THE INPUT: Begin
(* Let $\mathbf{C}$ be a category of $\mathbf{FI}$ type, $c$ an object and $V$ a finite-dimensional $G_c$-representation with character $\chi_V$. Then the character of the $\mathbf{C}$-module $\mathrm{Ind}_c(V)$ is $$\chi_{\mathrm{Ind}_c(V)}=\sum_{\mu\in\mathrm{conj}(G_c)}\chi_V(\mu)\binom{X}{\mu},$$ where $\mathrm{conj}(G_c)$ is the set of conjugacy classes of $G_c$ and $\chi_V(\mu)$ is the value of $\chi_V$ on any element of $\mu$. In particular it is a character polynomial of degree $c$.
   Context: A category $\mathbf{C}$ is of $\mathbf{FI}$ type if: (1) all Hom-sets are finite; (2) every morphism is a monomorphism and every endomorphism is an isomorphism; (3) for all objects $c,d$ the group $G_d=\mathrm{Aut}_{\mathbf{C}}(d)$ acts transitively on $\mathrm{Hom}_{\mathbf{C}}(c,d)$; (4) for every $d$ only finitely many isomorphism classes of $c$ have $\mathrm{Hom}(c,d)\neq\emptyset$; (5) every pair $c_1\to d\leftarrow c_2$ has a pullback, and every pair $f_i:p\to c_i$ has a weak push-out, i.e. a commutative pullback square $g_i:c_i\to d$ such that for every other pullback square $h_i:c_i\to z$ with $h_1f_1=h_2f_2$ there is a unique $h:d\to z$ with $hg_i=h_i$. $\mathrm{Ind}_c(V)$ is the $\mathbf{C}$-module $d\mapsto\mathbb{C}[\mathrm{Hom}(c,d)]\otimes_{\mathbb{C}[G_c]}V$ (morphisms act by postcomposition); its character is the collection of characters of the $G_d$-representations $\mathrm{Ind}_c(V)_d$. Binomial set: $\binom{d}{c}=\mathrm{Hom}(c,d)/G_c$. For a conjugacy class $\mu\subseteq G_c$, $\binom{X}{\mu}$ is the class function on every $G_d$ given by $\sigma\mapsto\#\{[f]\in\binom{d}{c}:\exists\psi\in\mu,\ \sigma f=f\psi\}$, of degree $c$. Character polynomials are $\mathbb{C}$-linear combinations of these. *)

theory Defs
  imports Complex_Main "HOL-Library.Function_Algebras"
begin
THE INPUT: End
**YOUR ASSIGNMENT**
Could you repeat every record above exactly as it stands?

**YOUR SOLUTION**
(* Let $\mathbf{C}$ be a category of $\mathbf{FI}$ type, $c$ an object and $V$ a finite-dimensional $G_c$-representation with character $\chi_V$. Then the character of the $\mathbf{C}$-module $\mathrm{Ind}_c(V)$ is $$\chi_{\mathrm{Ind}_c(V)}=\sum_{\mu\in\mathrm{conj}(G_c)}\chi_V(\mu)\binom{X}{\mu},$$ where $\mathrm{conj}(G_c)$ is the set of conjugacy classes of $G_c$ and $\chi_V(\mu)$ is the value of $\chi_V$ on any element of $\mu$. In particular it is a character polynomial of degree $c$.
   Context: A category $\mathbf{C}$ is of $\mathbf{FI}$ type if: (1) all Hom-sets are finite; (2) every morphism is a monomorphism and every endomorphism is an isomorphism; (3) for all objects $c,d$ the group $G_d=\mathrm{Aut}_{\mathbf{C}}(d)$ acts transitively on $\mathrm{Hom}_{\mathbf{C}}(c,d)$; (4) for every $d$ only finitely many isomorphism classes of $c$ have $\mathrm{Hom}(c,d)\neq\emptyset$; (5) every pair $c_1\to d\leftarrow c_2$ has a pullback, and every pair $f_i:p\to c_i$ has a weak push-out, i.e. a commutative pullback square $g_i:c_i\to d$ such that for every other pullback square $h_i:c_i\to z$ with $h_1f_1=h_2f_2$ there is a unique $h:d\to z$ with $hg_i=h_i$. $\mathrm{Ind}_c(V)$ is the $\mathbf{C}$-module $d\mapsto\mathbb{C}[\mathrm{Hom}(c,d)]\otimes_{\mathbb{C}[G_c]}V$ (morphisms act by postcomposition); its character is the collection of characters of the $G_d$-representations $\mathrm{Ind}_c(V)_d$. Binomial set: $\binom{d}{c}=\mathrm{Hom}(c,d)/G_c$. For a conjugacy class $\mu\subseteq G_c$, $\binom{X}{\mu}$ is the class function on every $G_d$ given by $\sigma\mapsto\#\{[f]\in\binom{d}{c}:\exists\psi\in\mu,\ \sigma f=f\psi\}$, of degree $c$. Character polynomials are $\mathbb{C}$-linear combinations of these. *)

theory Defs
  imports Complex_Main "HOL-Library.Function_Algebras"
begin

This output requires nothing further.